Download the plugin JAR from the Maven Repository
Place it in your Fess plugin directory
Restart Fess

For detailed instructions, see the Plugin Administration Guide.

Configuration

Configure the following properties in fess_config.properties:

Property	Default	Description
`rag.llm.name`	-	Set to `ollama` to use this plugin
`rag.chat.enabled`	`false`	Enable RAG chat feature
`rag.llm.ollama.api.url`	`http://localhost:11434`	Ollama server root URL. The plugin appends `/api/chat` and `/api/tags`, so a trailing `/` or `/api` (the form shown in the Ollama docs, e.g. `http://localhost:11434/api` or `https://ollama.com/api`) is stripped automatically.
`rag.llm.ollama.answer.context.max.chars`	`10000`	Maximum characters for document context in answer generation
`rag.llm.ollama.availability.check.interval`	`60`	Interval (seconds) for checking Ollama server availability
`rag.llm.ollama.chat.evaluation.max.relevant.docs`	`3`	Maximum number of relevant documents for evaluation
`rag.llm.ollama.connect.timeout`	`5000`	TCP connect timeout (ms). Separate from `timeout` (read/response).
`rag.llm.ollama.default.max.tokens`	(unset)	Fallback when `<type>.max.tokens` is not set.
`rag.llm.ollama.default.temperature`	(unset)	Fallback when `<type>.temperature` is not set.
`rag.llm.ollama.default.thinking.budget`	(unset)	Fallback when `<type>.thinking.budget` is not set.
`rag.llm.ollama.faq.context.max.chars`	`6000`	Maximum characters for document context in FAQ generation
`rag.llm.ollama.model`	`gemma4:e4b`	Model name (e.g., `llama3:latest`, `mistral`)
`rag.llm.ollama.retry.base.delay.ms`	`2000`	Base delay (ms) for exponential backoff with ±20% jitter.
`rag.llm.ollama.retry.max`	`3`	Maximum total attempts on retryable HTTP errors (429/500/502/503/504) and connect-time IOExceptions.
`rag.llm.ollama.summary.context.max.chars`	`10000`	Maximum characters for document context in summary generation
`rag.llm.ollama.timeout`	`60000`	Response/read timeout (ms). For TCP connect timeout see `rag.llm.ollama.connect.timeout`.

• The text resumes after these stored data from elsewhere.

(* For all integers $i\geq 1$, \[ v_3(a_i+1)=\begin{cases} 0, & i\equiv 0,1,2,3,5,6,7 \pmod 8;\\ 1, & i\equiv 4 \text{ or } 12 \pmod{24};\\ v_3(i+4)+1, & i\equiv 20\pmod{24}. \end{cases} \]
   Context: The Narayana sequence $(a_n)_{n\geq 0}$ is defined by $a_0=0$, $a_1=a_2=1$ and $a_n=a_{n-1}+a_{n-3}$ for all $n\geq 3$. For a nonzero integer $x$, $v_3(x)$ denotes the $3$-adic valuation of $x$ (the exponent of the largest power of $3$ dividing $x$). *)

theory Defs
  imports "HOL-Computational_Algebra.Computational_Algebra"
begin

fun narayana :: "nat \<Rightarrow> nat" where
  "narayana 0 = 0"
| "narayana (Suc 0) = 1"
| "narayana (Suc (Suc 0)) = 1"
| "narayana (Suc (Suc (Suc n))) = narayana (Suc (Suc n)) + narayana n"

definition v3 :: "nat \<Rightarrow> nat" where
  "v3 x = multiplicity (3::nat) x"

end

theory Submission
  imports Defs "HOL-Number_Theory.Cong"
begin

text \<open>
  Work in the ring \<open>\<int>[\<theta>]\<close> with \<open>\<theta>\<^sup>3 = \<theta>\<^sup>2 + 1\<close>, where \<open>a\<^sub>n\<close> is the value of an additive
  functional \<open>L\<close> on \<open>\<theta>\<^sup>n\<close>. The identity \<open>\<theta>\<^sup>8 = 1 + 3\<theta>\<^sup>5\<close> makes \<open>a\<^sub>n mod 3\<close> periodic with
  period 8, and \<open>3 | a\<^sub>n + 1\<close> only for \<open>n \<equiv> 4 (mod 8)\<close>. For such \<open>n\<close> write
  \<open>n + 4 = 8 \<cdot> 3\<^sup>j \<cdot> r\<close> with \<open>3 \<nmid> r\<close>; lifting the exponent gives
  \<open>\<theta>\<^bsup>n+4\<^esup> = (1 + 3\<theta>\<^sup>5)\<^bsup>3\<^sup>j r\<^esup> \<equiv> 1 + 3\<^bsup>j+1\<^esup> r \<theta>\<^sup>5 (mod 3\<^bsup>j+2\<^esup>)\<close>. Multiplying by
  \<open>\<theta>\<^bsup>-4\<^esup> = (\<theta> - 1)\<^sup>2\<close> and applying \<open>L\<close> yields \<open>a\<^sub>n + 1 \<equiv> 3\<^bsup>j+1\<^esup> r (mod 3\<^bsup>j+2\<^esup>)\<close>, so
  \<open>v\<^sub>3(a\<^sub>n + 1) = j + 1 = v\<^sub>3(n + 4) + 1\<close> for every \<open>n \<equiv> 4 (mod 8)\<close>; the last two cases of the
  theorem are instances of this. Nothing needs \<open>i \<ge> 1\<close>: the statement also holds for \<open>i = 0\<close>.
\<close>

lemma three_power_dvd_cube_lift:
  fixes y :: "'a::comm_ring_1"
  assumes "e \<ge> 1"
  shows "3 ^ (e + 2) dvd (1 + 3 ^ e * y) ^ 3 - (1 + 3 ^ (e + 1) * y)"
proof -
  obtain f where e: "e = Suc f" using assms by (cases e) auto
  define t where "t = (3::'a) ^ f"
  have "(1 + 3 ^ e * y) ^ 3 - (1 + 3 ^ (e + 1) * y) = (1 + 3 * t * y) ^ 3 - (1 + 9 * t * y)"
    by (simp add: e t_def)
  also have "\<dots> = 27 * t * (t * y\<^sup>2 + t\<^sup>2 * y ^ 3)"
    by (simp add: algebra_simps power2_eq_square power3_eq_cube)
  also have "\<dots> = 3 ^ (e + 2) * (t * y\<^sup>2 + t\<^sup>2 * y ^ 3)"
    by (simp add: e t_def)
  finally show ?thesis by simp
qed

lemma three_power_dvd_power_lift:
  fixes y :: "'a::comm_ring_1"
  assumes "e \<ge> 1"
  shows "3 ^ (e + 1) dvd (1 + 3 ^ e * y) ^ n - (1 + of_nat n * 3 ^ e * y)"
proof (induction n)
  case (Suc n)
  let ?x = "1 + 3 ^ e * y"
  have "?x ^ Suc n - (1 + of_nat (Suc n) * 3 ^ e * y)
      = (?x ^ n - (1 + of_nat n * 3 ^ e * y)) * ?x + of_nat n * 3 ^ (e + e) * y\<^sup>2"
    by (simp add: algebra_simps power2_eq_square power_add)
  moreover have "(3::'a) ^ (e + 1) dvd 3 ^ (e + e)"
    using assms by (intro le_imp_power_dvd) simp
  ultimately show ?case
    using Suc.IH by simp
qed simp

lemma three_power_dvd_lifting_the_exponent:
  fixes y :: "'a::comm_ring_1"
  assumes "e \<ge> 1"
  shows "3 ^ (e + k + 1) dvd (1 + 3 ^ e * y) ^ (3 ^ k * n) - (1 + of_nat n * 3 ^ (e + k) * y)"
proof (induction k)
  case 0
  then show ?case using three_power_dvd_power_lift[OF assms] by simp
next
  case (Suc k)
  obtain d where d: "(1 + 3 ^ e * y) ^ (3 ^ k * n) - (1 + of_nat n * 3 ^ (e + k) * y) = 3 ^ (e + k + 1) * d"
    using Suc.IH by (rule dvdE)
  define z where "z = of_nat n * y + 3 * d"
  have power_k: "(1 + 3 ^ e * y) ^ (3 ^ k * n) = 1 + 3 ^ (e + k) * z"
    using d by (simp add: z_def algebra_simps)
  have cube: "3 ^ (e + Suc k + 1) dvd (1 + 3 ^ (e + k) * z) ^ 3 - (1 + 3 ^ (e + k + 1) * z)"
    using three_power_dvd_cube_lift[of "e + k" z] assms by simp
  have "(1 + 3 ^ e * y) ^ (3 ^ Suc k * n) = ((1 + 3 ^ e * y) ^ (3 ^ k * n)) ^ 3"
    by (simp flip: power_mult add: algebra_simps)
  also have "\<dots> = (1 + 3 ^ (e + k) * z) ^ 3"
    by (simp only: power_k)
  finally have "(1 + 3 ^ e * y) ^ (3 ^ Suc k * n) - (1 + of_nat n * 3 ^ (e + Suc k) * y)
      = ((1 + 3 ^ (e + k) * z) ^ 3 - (1 + 3 ^ (e + k + 1) * z)) + 3 ^ (e + Suc k + 1) * d"
    by (simp add: z_def algebra_simps)
  then show ?case
    using cube by (simp only: dvd_add dvd_triv_left)
qed

lemma multiplicity_eq_if_cong:
  fixes x r p :: nat
  assumes "[x = r * p ^ k] (mod p ^ (k + 1))" and "\<not> p dvd r" and "p > 1"
  shows "multiplicity p x = k"
proof (rule multiplicity_eqI)
  have "[x = r * p ^ k] (mod p ^ k)"
    using assms(1) by (rule cong_dvd_modulus_nat) simp
  then show "p ^ k dvd x"
    by (simp add: cong_dvd_iff)
  show "\<not> p ^ Suc k dvd x"
  proof
    assume "p ^ Suc k dvd x"
    then have "p ^ k * p dvd p ^ k * r"
      using cong_dvd_iff[OF assms(1)] by (simp add: ac_simps)
    then show False
      using assms(2,3) by simp
  qed
qed

text \<open>\<open>IT a b c\<close> stands for \<open>a + b\<theta> + c\<theta>\<^sup>2\<close>; products are reduced with \<open>\<theta>\<^sup>3 = \<theta>\<^sup>2 + 1\<close> and
  \<open>\<theta>\<^sup>4 = \<theta>\<^sup>2 + \<theta> + 1\<close>.\<close>

datatype int_theta = IT int int int

instantiation int_theta :: comm_ring_1
begin

definition "0 = IT 0 0 0"

definition "1 = IT 1 0 0"

fun plus_int_theta :: "int_theta \<Rightarrow> int_theta \<Rightarrow> int_theta" where
  "IT a b c + IT a' b' c' = IT (a + a') (b + b') (c + c')"

fun uminus_int_theta :: "int_theta \<Rightarrow> int_theta" where
  "- IT a b c = IT (- a) (- b) (- c)"

fun minus_int_theta :: "int_theta \<Rightarrow> int_theta \<Rightarrow> int_theta" where
  "IT a b c - IT a' b' c' = IT (a - a') (b - b') (c - c')"

fun times_int_theta :: "int_theta \<Rightarrow> int_theta \<Rightarrow> int_theta" where
  "IT a b c * IT a' b' c' =
     IT (a * a' + (b * c' + c * b') + c * c')
        (a * b' + b * a' + c * c')
        (a * c' + b * b' + c * a' + (b * c' + c * b') + c * c')"

instance
proof
  fix x y z :: int_theta
  show "x * y * z = x * (y * z)"
    by (cases x; cases y; cases z) (simp add: algebra_simps)
  show "x * y = y * x"
    by (cases x; cases y) (simp add: algebra_simps)
  show "1 * x = x"
    by (cases x) (simp add: one_int_theta_def)
  show "x + y + z = x + (y + z)"
    by (cases x; cases y; cases z) simp
  show "x + y = y + x"
    by (cases x; cases y) simp
  show "0 + x = x"
    by (cases x) (simp add: zero_int_theta_def)
  show "- x + x = 0"
    by (cases x) (simp add: zero_int_theta_def)
  show "x - y = x + - y"
    by (cases x; cases y) simp
  show "(x + y) * z = x * z + y * z"
    by (cases x; cases y; cases z) (simp add: algebra_simps)
  show "(0::int_theta) \<noteq> 1"
    by (simp add: zero_int_theta_def one_int_theta_def)
qed

end

lemma of_nat_int_theta: "of_nat n = IT (int n) 0 0"
  by (induction n) (simp_all add: zero_int_theta_def one_int_theta_def)

lemma of_int_int_theta: "of_int k = IT k 0 0"
  by (induction k rule: int_of_nat_induct)
     (simp_all add: of_nat_int_theta one_int_theta_def del: of_nat_Suc)

lemma numeral_int_theta: "numeral k = IT (numeral k) 0 0"
  using of_int_int_theta[of "numeral k"] by simp

fun narayana_functional :: "int_theta \<Rightarrow> int" where
  "narayana_functional (IT a b c) = b + c"

lemma narayana_functional_add:
  "narayana_functional (x + y) = narayana_functional x + narayana_functional y"
  by (cases x; cases y) simp

lemma narayana_functional_diff:
  "narayana_functional (x - y) = narayana_functional x - narayana_functional y"
  by (cases x; cases y) simp

lemma narayana_functional_of_int_mult:
  "narayana_functional (of_int k * x) = k * narayana_functional x"
  by (cases x) (simp add: of_int_int_theta algebra_simps)

lemma dvd_narayana_functional:
  assumes "of_int k dvd x"
  shows "k dvd narayana_functional x"
proof -
  obtain y where "x = of_int k * y"
    using assms by (rule dvdE)
  then show ?thesis
    by (simp add: narayana_functional_of_int_mult)
qed

definition theta :: int_theta where
  "theta = IT 0 1 0"

lemma theta_cube: "theta ^ 3 = theta\<^sup>2 + 1"
  by (simp add: theta_def one_int_theta_def numeral_eq_Suc)

lemma narayana_functional_theta_power: "narayana_functional (theta ^ n) = int (narayana n)"
proof (induction n rule: narayana.induct)
  case (4 n)
  have "theta ^ Suc (Suc (Suc n)) = theta ^ n * theta ^ 3"
    by (simp add: numeral_eq_Suc algebra_simps)
  also have "\<dots> = theta ^ Suc (Suc n) + theta ^ n"
    by (simp add: theta_cube algebra_simps power2_eq_square)
  finally have "theta ^ Suc (Suc (Suc n)) = theta ^ Suc (Suc n) + theta ^ n" .
  with 4 show ?case
    by (simp add: narayana_functional_add)
qed (simp_all add: theta_def one_int_theta_def)

lemma theta_power_8: "theta ^ 8 = 1 + 3 * theta ^ 5"
  by (simp add: theta_def one_int_theta_def numeral_eq_Suc numeral_int_theta)

lemma theta_minus_one_square_mult_theta_power_4: "(theta - 1)\<^sup>2 * theta ^ 4 = 1"
  by (simp add: theta_def one_int_theta_def numeral_eq_Suc)

lemma narayana_cong_narayana_mod_8: "[narayana n = narayana (n mod 8)] (mod 3)"
proof -
  define q where "q = n div 8"
  let ?u = "1 + 3 * theta ^ 5"
  have "3 * 3 dvd ?u ^ q - (1 + of_nat q * 3 * theta ^ 5)"
    using three_power_dvd_power_lift[of 1 "theta ^ 5" q] by simp
  then have "3 dvd ?u ^ q - (1 + of_nat q * 3 * theta ^ 5)"
    by (rule dvd_mult_left)
  moreover have "?u ^ q - 1 = (?u ^ q - (1 + of_nat q * 3 * theta ^ 5)) + 3 * (of_nat q * theta ^ 5)"
    by (simp add: algebra_simps)
  ultimately have "3 dvd ?u ^ q - 1"
    by (simp only: dvd_add dvd_triv_left)
  moreover have "theta ^ n = theta ^ (n mod 8 + 8 * q)"
    by (simp add: q_def)
  then have "theta ^ n - theta ^ (n mod 8) = theta ^ (n mod 8) * (?u ^ q - 1)"
    by (simp add: power_add power_mult theta_power_8 right_diff_distrib)
  ultimately have "3 dvd theta ^ n - theta ^ (n mod 8)"
    by simp
  then have "3 dvd narayana_functional (theta ^ n - theta ^ (n mod 8))"
    using dvd_narayana_functional[of 3] by simp
  then have "3 dvd int (narayana n) - int (narayana (n mod 8))"
    by (simp add: narayana_functional_diff narayana_functional_theta_power)
  then show ?thesis
    by (simp flip: cong_int_iff add: cong_iff_dvd_diff)
qed

lemma three_dvd_narayana_plus_one_iff: "3 dvd narayana n + 1 \<longleftrightarrow> n mod 8 = 4"
proof -
  have "[narayana n + 1 = narayana (n mod 8) + 1] (mod 3)"
    by (intro cong_add narayana_cong_narayana_mod_8 cong_refl)
  then have "3 dvd narayana n + 1 \<longleftrightarrow> 3 dvd narayana (n mod 8) + 1"
    by (rule cong_dvd_iff)
  moreover have "3 dvd narayana s + 1 \<longleftrightarrow> s = 4" if "s < 8" for s
    using that by (auto simp: less_Suc_eq numeral_eq_Suc) presburger+
  ultimately show ?thesis
    by simp
qed

lemma narayana_plus_one_cong:
  assumes "i + 4 = 8 * 3 ^ j * r"
  shows "[narayana i + 1 = r * 3 ^ (j + 1)] (mod 3 ^ (j + 2))"
proof -
  let ?u = "1 + 3 * theta ^ 5" and ?w = "(theta - 1)\<^sup>2" and ?c = "of_int (int r * 3 ^ (j + 1))"
  have lift: "3 ^ (j + 2) dvd ?u ^ (3 ^ j * r) - (1 + ?c * theta ^ 5)"
    using three_power_dvd_lifting_the_exponent[where e = 1 and y = "theta ^ 5" and k = j and n = r]
    by (simp add: ac_simps)
  have "theta ^ 4 * theta ^ i = theta ^ (i + 4)"
    by (simp add: power_add)
  also have "\<dots> = ?u ^ (3 ^ j * r)"
    by (simp only: assms mult.assoc power_mult theta_power_8)
  finally have "theta ^ i = ?w * ?u ^ (3 ^ j * r)"
    by (metis theta_minus_one_square_mult_theta_power_4 mult.assoc mult_1)
  moreover have "?w * (1 + ?c * theta ^ 5) = ?w + ?c * theta"
    by (simp add: theta_def one_int_theta_def numeral_eq_Suc of_int_int_theta algebra_simps)
  ultimately have "theta ^ i - (?w + ?c * theta) = ?w * (?u ^ (3 ^ j * r) - (1 + ?c * theta ^ 5))"
    by (simp add: right_diff_distrib)
  then have "of_int (3 ^ (j + 2)) dvd theta ^ i - (?w + ?c * theta)"
    using lift by simp
  then have "3 ^ (j + 2) dvd narayana_functional (theta ^ i - (?w + ?c * theta))"
    by (rule dvd_narayana_functional)
  moreover have "narayana_functional ?w = - 1" and "narayana_functional theta = 1"
    by (simp_all add: theta_def one_int_theta_def power2_eq_square)
  then have "narayana_functional (theta ^ i - (?w + ?c * theta))
      = int (narayana i) - (- 1 + int r * 3 ^ (j + 1))"
    by (simp only: narayana_functional_diff narayana_functional_add narayana_functional_of_int_mult
        narayana_functional_theta_power mult_1_right)
  ultimately have "3 ^ (j + 2) dvd int (narayana i) - (- 1 + int r * 3 ^ (j + 1))"
    by simp
  then show ?thesis
    by (simp flip: cong_int_iff add: cong_iff_dvd_diff algebra_simps)
qed

lemma v3_narayana_plus_one_if_mod_8_eq_4:
  assumes "i mod 8 = 4"
  shows "v3 (narayana i + 1) = v3 (i + 4) + 1"
proof -
  define n where "n = (i + 4) div 8"
  have i4: "i + 4 = 8 * n"
    using assms unfolding n_def by presburger
  then have "n \<noteq> 0"
    by simp
  then obtain r where r: "n = 3 ^ multiplicity 3 n * r" "\<not> 3 dvd r"
    using multiplicity_decompose'[where x = n and p = 3] by auto
  define j where "j = multiplicity 3 n"
  have "i + 4 = 3 ^ j * (8 * r)"
    using i4 r(1) unfolding j_def by (simp add: mult.left_commute)
  moreover have "\<not> 3 dvd 8 * r"
    using r(2) by presburger
  ultimately have "v3 (i + 4) = j"
    unfolding v3_def by (rule multiplicity_decomposeI) simp
  moreover have "v3 (narayana i + 1) = j + 1"
    unfolding v3_def
    using narayana_plus_one_cong[of i j r] i4 r unfolding j_def
    by (intro multiplicity_eq_if_cong) (simp_all add: ac_simps)
  ultimately show ?thesis
    by simp
qed

theorem theorem3p6:
  fixes i :: nat
  assumes "i \<ge> 1"
  shows "(i mod 8 \<in> {0,1,2,3,5,6,7} \<longrightarrow> v3 (narayana i + 1) = 0)
       \<and> (i mod 24 \<in> {4,12} \<longrightarrow> v3 (narayana i + 1) = 1)
       \<and> (i mod 24 = 20 \<longrightarrow> v3 (narayana i + 1) = v3 (i + 4) + 1)"
proof (intro conjI impI)
  assume "i mod 8 \<in> {0,1,2,3,5,6,7}"
  then have "\<not> 3 dvd narayana i + 1"
    using three_dvd_narayana_plus_one_iff[of i] by auto
  then show "v3 (narayana i + 1) = 0"
    unfolding v3_def by (rule not_dvd_imp_multiplicity_0)
next
  assume "i mod 24 \<in> {4,12}"
  then have "i mod 8 = 4" and "i mod 3 = 0 \<or> i mod 3 = 1"
    using mod_mod_cancel[of 8 24 i] mod_mod_cancel[of 3 24 i] by auto
  from this(2) have "v3 (i + 4) = 0"
    unfolding v3_def by (intro not_dvd_imp_multiplicity_0) presburger
  with v3_narayana_plus_one_if_mod_8_eq_4[OF \<open>i mod 8 = 4\<close>] show "v3 (narayana i + 1) = 1"
    by simp
next
  assume "i mod 24 = 20"
  then have "i mod 8 = 4"
    using mod_mod_cancel[of 8 24 i] by simp
  then show "v3 (narayana i + 1) = v3 (i + 4) + 1"
    by (rule v3_narayana_plus_one_if_mod_8_eq_4)
qed

end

Recommended num_ctx Setting

For gemma4:e4b with 16GB GPU, set:

rag.llm.ollama.default.num.ctx=8192

Per-Prompt-Type Parameters

You can configure top_p and top_k sampling parameters for each prompt type:

Property	Description
`rag.llm.ollama.<promptType>.top.p`	Top-p (nucleus) sampling parameter
`rag.llm.ollama.<promptType>.top.k`	Top-k sampling parameter

Retry behavior

Both chat() and streamChat() retry on:

HTTP 429 (Too Many Requests; Ollama Cloud and rate-limited proxies)
HTTP 500, 502, 503 (Ollama queue overload via OLLAMA_MAX_QUEUE), 504
IOException raised before a response is received (DNS, TCP, TLS, idle-socket failures)

Other 4xx errors are surfaced as LlmException immediately.

Streaming retries only the initial HTTP request. Once NDJSON bytes start flowing, in-stream errors (HTTP transport failures or NDJSON {"error": "..."} payloads) propagate immediately to LlmStreamCallback.onError(...) — no replay.

The retry status set tracks the documented Ollama errors.

Defaults can be overridden via rag.llm.ollama.retry.max and rag.llm.ollama.retry.base.delay.ms.

Stream completion log

A single INFO line is emitted per streamChat() call:

[LLM:OLLAMA] Stream completed. chunkCount=N, objectCount=N, firstChunkMs=N,
  elapsedTime=Nms, doneReason=stop, totalDurationMs=N, loadDurationMs=N,
  promptEvalDurationMs=N, evalDurationMs=N, promptEvalCount=N, evalCount=N,
  tokensPerSecond=N.NN, parseErrorCount=0

A sibling WARN line is emitted when done_reason is anything other than stop, load, or unload — most commonly length (context window truncation):

[LLM:OLLAMA] Stream finished abnormally. doneReason=length, evalCount=N, ...

Reasoning Model Configuration (e.g., qwen3.5)

Reasoning models like qwen3.5 use internal thinking tokens that improve answer quality but consume output tokens. Configure thinking per prompt type for optimal results.

rag.llm.ollama.model=qwen3.5:35b
rag.llm.ollama.timeout=120000

# Structured output / short responses - disable thinking
rag.llm.ollama.intent.thinking.budget=0
rag.llm.ollama.evaluation.thinking.budget=0
rag.llm.ollama.unclear.thinking.budget=0
rag.llm.ollama.noresults.thinking.budget=0
rag.llm.ollama.docnotfound.thinking.budget=0

# Answer generation - enable thinking with increased token limit
rag.llm.ollama.answer.thinking.budget=1
rag.llm.ollama.answer.max.tokens=16384
rag.llm.ollama.summary.thinking.budget=1
rag.llm.ollama.summary.max.tokens=16384
rag.llm.ollama.direct.thinking.budget=1
rag.llm.ollama.direct.max.tokens=8192
rag.llm.ollama.faq.thinking.budget=1
rag.llm.ollama.faq.max.tokens=8192

The thinking.budget parameter controls the Ollama think flag as a boolean:

0 — disable thinking (think: false)
Any positive value — enable thinking (think: true)
Not set — use model default (reasoning models default to thinking enabled)

When thinking is enabled, increase max.tokens to accommodate both thinking and content tokens.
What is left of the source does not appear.